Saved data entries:
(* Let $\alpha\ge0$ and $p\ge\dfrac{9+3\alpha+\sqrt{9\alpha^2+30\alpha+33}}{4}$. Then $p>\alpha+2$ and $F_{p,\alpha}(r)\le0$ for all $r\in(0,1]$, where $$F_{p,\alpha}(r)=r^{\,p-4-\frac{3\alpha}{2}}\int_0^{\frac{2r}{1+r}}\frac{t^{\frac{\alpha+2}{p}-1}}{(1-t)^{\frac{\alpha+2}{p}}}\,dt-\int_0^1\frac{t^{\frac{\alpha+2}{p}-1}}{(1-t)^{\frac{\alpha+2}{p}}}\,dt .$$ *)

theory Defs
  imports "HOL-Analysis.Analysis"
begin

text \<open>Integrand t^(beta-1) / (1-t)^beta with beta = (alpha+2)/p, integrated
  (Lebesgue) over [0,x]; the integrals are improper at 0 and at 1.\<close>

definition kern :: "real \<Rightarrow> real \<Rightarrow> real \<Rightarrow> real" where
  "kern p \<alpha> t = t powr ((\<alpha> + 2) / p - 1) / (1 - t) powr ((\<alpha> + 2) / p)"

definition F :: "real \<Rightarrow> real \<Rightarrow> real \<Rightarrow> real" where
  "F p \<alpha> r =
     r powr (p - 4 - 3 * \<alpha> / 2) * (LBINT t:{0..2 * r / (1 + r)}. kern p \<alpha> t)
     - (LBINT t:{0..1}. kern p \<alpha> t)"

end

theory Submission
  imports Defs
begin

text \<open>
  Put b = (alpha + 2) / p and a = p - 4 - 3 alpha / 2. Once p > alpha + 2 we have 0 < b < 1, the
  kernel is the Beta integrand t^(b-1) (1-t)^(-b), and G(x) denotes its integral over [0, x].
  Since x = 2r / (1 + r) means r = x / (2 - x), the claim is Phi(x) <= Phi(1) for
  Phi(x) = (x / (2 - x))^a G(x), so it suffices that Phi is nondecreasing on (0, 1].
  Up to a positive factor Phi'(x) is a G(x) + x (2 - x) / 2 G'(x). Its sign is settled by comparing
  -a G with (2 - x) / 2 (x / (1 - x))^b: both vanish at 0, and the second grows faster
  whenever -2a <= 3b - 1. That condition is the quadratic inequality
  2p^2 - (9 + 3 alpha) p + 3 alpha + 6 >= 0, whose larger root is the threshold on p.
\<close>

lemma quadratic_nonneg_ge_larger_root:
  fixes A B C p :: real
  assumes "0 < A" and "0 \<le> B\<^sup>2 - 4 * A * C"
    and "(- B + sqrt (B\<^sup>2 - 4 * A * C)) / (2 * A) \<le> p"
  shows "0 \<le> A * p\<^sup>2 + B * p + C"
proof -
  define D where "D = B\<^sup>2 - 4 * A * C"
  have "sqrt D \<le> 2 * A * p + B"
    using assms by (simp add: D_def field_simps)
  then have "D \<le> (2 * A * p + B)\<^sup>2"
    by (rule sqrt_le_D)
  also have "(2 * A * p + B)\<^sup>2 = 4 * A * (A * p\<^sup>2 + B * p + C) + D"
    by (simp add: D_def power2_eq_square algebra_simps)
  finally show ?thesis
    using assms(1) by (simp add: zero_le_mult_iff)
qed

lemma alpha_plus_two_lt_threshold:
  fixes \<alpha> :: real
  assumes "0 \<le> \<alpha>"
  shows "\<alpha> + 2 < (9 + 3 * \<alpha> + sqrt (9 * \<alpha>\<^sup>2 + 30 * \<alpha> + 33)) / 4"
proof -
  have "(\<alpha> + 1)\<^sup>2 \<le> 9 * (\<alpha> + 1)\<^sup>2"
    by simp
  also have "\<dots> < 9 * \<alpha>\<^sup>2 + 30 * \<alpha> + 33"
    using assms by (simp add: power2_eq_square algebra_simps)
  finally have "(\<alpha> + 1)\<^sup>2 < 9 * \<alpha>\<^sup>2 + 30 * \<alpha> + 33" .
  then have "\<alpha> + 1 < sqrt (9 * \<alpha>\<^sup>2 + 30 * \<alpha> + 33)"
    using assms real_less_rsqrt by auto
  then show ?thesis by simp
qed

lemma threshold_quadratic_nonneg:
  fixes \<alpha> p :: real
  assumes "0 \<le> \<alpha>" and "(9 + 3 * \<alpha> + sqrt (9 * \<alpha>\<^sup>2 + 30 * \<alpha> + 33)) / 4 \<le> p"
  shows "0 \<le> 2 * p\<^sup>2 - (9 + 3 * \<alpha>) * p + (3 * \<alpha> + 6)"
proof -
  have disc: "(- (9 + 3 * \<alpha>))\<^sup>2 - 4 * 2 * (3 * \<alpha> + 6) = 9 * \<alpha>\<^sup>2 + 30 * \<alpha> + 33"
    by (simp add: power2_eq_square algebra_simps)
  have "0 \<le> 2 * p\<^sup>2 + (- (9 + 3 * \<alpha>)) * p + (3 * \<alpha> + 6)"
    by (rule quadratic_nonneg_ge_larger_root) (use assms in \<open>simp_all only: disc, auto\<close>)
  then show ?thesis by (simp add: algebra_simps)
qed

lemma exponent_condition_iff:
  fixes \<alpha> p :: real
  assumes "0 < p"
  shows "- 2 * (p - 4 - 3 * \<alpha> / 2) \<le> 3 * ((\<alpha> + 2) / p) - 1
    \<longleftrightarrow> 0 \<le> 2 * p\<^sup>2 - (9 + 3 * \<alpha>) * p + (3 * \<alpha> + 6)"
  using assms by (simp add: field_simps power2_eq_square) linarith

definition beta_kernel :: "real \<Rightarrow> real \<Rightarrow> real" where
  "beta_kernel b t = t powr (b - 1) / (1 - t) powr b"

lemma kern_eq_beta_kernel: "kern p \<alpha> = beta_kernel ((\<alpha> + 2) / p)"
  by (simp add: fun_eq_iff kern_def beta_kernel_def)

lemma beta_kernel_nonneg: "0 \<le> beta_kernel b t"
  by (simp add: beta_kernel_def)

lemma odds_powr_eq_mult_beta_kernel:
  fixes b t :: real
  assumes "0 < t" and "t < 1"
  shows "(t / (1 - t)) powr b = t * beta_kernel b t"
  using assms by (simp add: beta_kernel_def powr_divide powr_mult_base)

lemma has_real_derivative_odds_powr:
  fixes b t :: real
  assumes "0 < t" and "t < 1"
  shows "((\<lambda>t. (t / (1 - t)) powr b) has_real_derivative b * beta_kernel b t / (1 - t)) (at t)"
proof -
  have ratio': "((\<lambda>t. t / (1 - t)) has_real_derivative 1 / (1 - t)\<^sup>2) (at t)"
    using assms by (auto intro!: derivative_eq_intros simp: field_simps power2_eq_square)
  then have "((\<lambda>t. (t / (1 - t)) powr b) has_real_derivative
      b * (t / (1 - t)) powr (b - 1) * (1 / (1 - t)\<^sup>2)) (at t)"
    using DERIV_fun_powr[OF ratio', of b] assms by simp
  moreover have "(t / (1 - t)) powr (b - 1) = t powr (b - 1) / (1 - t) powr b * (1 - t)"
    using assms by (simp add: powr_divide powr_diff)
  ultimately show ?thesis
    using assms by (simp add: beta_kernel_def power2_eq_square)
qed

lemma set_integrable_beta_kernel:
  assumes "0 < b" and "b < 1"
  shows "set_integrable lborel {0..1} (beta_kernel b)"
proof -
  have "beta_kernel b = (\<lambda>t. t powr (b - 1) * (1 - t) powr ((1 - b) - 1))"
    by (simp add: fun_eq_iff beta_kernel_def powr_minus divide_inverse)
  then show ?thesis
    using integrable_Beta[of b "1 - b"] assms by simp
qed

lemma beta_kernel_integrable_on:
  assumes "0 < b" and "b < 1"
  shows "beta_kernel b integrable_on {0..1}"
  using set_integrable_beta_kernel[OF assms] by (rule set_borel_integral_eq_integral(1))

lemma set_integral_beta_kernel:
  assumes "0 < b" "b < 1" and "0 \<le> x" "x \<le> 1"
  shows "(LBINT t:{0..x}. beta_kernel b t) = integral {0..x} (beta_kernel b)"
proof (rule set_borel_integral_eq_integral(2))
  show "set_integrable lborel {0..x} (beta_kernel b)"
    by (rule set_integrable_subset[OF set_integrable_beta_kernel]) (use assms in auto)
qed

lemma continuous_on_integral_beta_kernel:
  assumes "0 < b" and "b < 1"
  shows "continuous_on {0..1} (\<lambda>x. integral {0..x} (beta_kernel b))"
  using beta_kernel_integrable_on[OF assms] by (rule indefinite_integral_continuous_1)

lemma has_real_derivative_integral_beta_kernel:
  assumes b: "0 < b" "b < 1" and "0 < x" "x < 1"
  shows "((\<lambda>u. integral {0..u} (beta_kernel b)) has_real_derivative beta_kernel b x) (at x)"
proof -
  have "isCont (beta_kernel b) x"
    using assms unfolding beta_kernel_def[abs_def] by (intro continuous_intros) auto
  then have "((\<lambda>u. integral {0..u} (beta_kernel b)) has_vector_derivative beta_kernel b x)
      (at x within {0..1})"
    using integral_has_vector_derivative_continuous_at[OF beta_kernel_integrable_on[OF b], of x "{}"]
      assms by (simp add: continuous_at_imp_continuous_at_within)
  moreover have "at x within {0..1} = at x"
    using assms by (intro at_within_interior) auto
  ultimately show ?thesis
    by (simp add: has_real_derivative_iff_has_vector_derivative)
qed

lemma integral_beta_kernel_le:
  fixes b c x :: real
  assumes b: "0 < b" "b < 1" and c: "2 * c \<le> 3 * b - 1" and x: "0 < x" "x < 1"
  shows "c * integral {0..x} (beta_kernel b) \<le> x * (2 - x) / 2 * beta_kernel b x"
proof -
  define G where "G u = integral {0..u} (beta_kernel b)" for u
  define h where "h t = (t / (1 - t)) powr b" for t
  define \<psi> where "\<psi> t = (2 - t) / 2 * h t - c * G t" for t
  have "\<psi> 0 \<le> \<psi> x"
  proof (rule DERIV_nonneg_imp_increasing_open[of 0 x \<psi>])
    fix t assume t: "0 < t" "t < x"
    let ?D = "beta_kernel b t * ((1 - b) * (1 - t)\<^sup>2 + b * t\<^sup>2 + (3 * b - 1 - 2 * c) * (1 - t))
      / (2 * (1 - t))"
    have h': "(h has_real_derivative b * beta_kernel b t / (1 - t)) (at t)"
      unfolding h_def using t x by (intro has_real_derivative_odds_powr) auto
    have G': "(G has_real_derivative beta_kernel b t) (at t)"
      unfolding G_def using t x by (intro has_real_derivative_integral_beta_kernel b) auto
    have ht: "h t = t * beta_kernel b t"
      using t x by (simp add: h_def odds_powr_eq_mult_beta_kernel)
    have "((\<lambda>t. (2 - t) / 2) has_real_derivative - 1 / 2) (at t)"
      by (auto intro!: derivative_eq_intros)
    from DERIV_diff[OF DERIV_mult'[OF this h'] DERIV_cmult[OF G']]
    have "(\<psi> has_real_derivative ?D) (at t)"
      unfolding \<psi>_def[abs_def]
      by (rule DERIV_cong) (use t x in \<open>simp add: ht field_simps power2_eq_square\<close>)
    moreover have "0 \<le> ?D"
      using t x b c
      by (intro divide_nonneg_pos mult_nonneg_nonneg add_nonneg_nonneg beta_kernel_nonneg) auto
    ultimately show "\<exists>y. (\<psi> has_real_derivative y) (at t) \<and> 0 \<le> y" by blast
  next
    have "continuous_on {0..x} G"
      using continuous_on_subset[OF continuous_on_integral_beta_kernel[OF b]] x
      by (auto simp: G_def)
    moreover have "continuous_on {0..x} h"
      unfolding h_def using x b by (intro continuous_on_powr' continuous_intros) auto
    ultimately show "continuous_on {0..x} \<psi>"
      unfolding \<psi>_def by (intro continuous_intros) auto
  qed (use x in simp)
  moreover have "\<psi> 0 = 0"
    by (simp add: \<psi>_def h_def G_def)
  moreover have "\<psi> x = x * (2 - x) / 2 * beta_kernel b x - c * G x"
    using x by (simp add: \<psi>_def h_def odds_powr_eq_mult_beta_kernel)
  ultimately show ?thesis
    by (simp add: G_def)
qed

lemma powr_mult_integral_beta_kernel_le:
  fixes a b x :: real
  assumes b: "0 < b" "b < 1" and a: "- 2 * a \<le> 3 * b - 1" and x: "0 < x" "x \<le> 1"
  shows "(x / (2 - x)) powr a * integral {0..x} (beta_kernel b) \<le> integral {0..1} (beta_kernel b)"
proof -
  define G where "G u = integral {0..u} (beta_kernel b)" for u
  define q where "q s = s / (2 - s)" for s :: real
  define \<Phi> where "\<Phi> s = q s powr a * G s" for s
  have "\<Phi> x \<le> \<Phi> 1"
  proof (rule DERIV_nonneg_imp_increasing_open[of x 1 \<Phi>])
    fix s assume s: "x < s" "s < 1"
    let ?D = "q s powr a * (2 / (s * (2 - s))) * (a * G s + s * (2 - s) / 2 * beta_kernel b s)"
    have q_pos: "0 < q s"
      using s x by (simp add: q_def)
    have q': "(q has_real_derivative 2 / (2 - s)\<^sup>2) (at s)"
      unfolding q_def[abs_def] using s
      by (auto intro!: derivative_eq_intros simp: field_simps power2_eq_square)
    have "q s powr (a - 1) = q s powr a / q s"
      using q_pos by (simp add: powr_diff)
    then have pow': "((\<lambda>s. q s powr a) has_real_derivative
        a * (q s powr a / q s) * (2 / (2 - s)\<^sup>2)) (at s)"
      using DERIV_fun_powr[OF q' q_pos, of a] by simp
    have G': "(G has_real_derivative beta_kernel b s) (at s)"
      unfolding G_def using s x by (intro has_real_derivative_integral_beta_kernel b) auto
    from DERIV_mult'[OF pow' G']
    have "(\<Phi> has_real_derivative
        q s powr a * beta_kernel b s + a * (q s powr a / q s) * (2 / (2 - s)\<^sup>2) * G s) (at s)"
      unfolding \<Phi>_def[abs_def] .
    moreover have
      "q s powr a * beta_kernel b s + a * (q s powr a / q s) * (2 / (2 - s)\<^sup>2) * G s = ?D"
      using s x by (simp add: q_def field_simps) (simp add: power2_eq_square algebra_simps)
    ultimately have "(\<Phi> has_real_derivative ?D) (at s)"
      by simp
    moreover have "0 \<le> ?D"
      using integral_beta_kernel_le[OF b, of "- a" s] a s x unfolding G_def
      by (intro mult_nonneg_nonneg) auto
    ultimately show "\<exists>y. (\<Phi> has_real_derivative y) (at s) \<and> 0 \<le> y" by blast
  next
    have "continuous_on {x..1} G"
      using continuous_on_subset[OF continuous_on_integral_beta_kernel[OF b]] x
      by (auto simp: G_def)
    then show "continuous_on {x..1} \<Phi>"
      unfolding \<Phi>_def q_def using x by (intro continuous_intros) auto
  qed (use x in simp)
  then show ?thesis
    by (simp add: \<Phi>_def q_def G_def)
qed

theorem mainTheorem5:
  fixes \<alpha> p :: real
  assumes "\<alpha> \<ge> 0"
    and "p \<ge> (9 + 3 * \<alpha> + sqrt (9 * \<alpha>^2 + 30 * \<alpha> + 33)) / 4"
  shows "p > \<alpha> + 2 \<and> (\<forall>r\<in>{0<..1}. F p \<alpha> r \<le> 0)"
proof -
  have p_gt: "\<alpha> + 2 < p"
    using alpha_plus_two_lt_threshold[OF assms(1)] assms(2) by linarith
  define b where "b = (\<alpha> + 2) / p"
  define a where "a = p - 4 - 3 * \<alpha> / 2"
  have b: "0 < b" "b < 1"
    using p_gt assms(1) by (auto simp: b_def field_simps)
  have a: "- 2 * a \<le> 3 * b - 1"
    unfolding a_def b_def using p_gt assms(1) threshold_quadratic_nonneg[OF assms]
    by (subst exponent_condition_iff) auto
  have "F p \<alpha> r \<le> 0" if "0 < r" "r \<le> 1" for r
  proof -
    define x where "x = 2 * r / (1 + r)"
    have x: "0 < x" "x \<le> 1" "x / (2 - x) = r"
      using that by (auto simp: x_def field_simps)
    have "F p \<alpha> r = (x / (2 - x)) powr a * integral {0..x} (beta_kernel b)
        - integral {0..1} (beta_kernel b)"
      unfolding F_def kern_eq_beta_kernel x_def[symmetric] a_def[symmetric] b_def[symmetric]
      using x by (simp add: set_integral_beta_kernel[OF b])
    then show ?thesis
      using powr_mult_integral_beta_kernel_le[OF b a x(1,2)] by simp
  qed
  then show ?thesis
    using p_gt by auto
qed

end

*WORK ITEM*. Lines in the data that hold "blast" must be located and copied.

*RESULT FOR THIS TASK*.
    ultimately show "\<exists>y. (\<psi> has_real_derivative y) (at t) \<and> 0 \<le> y" by blast
    ultimately show "\<exists>y. (\<Phi> has_real_derivative y) (at s) \<and> 0 \<le> y" by blast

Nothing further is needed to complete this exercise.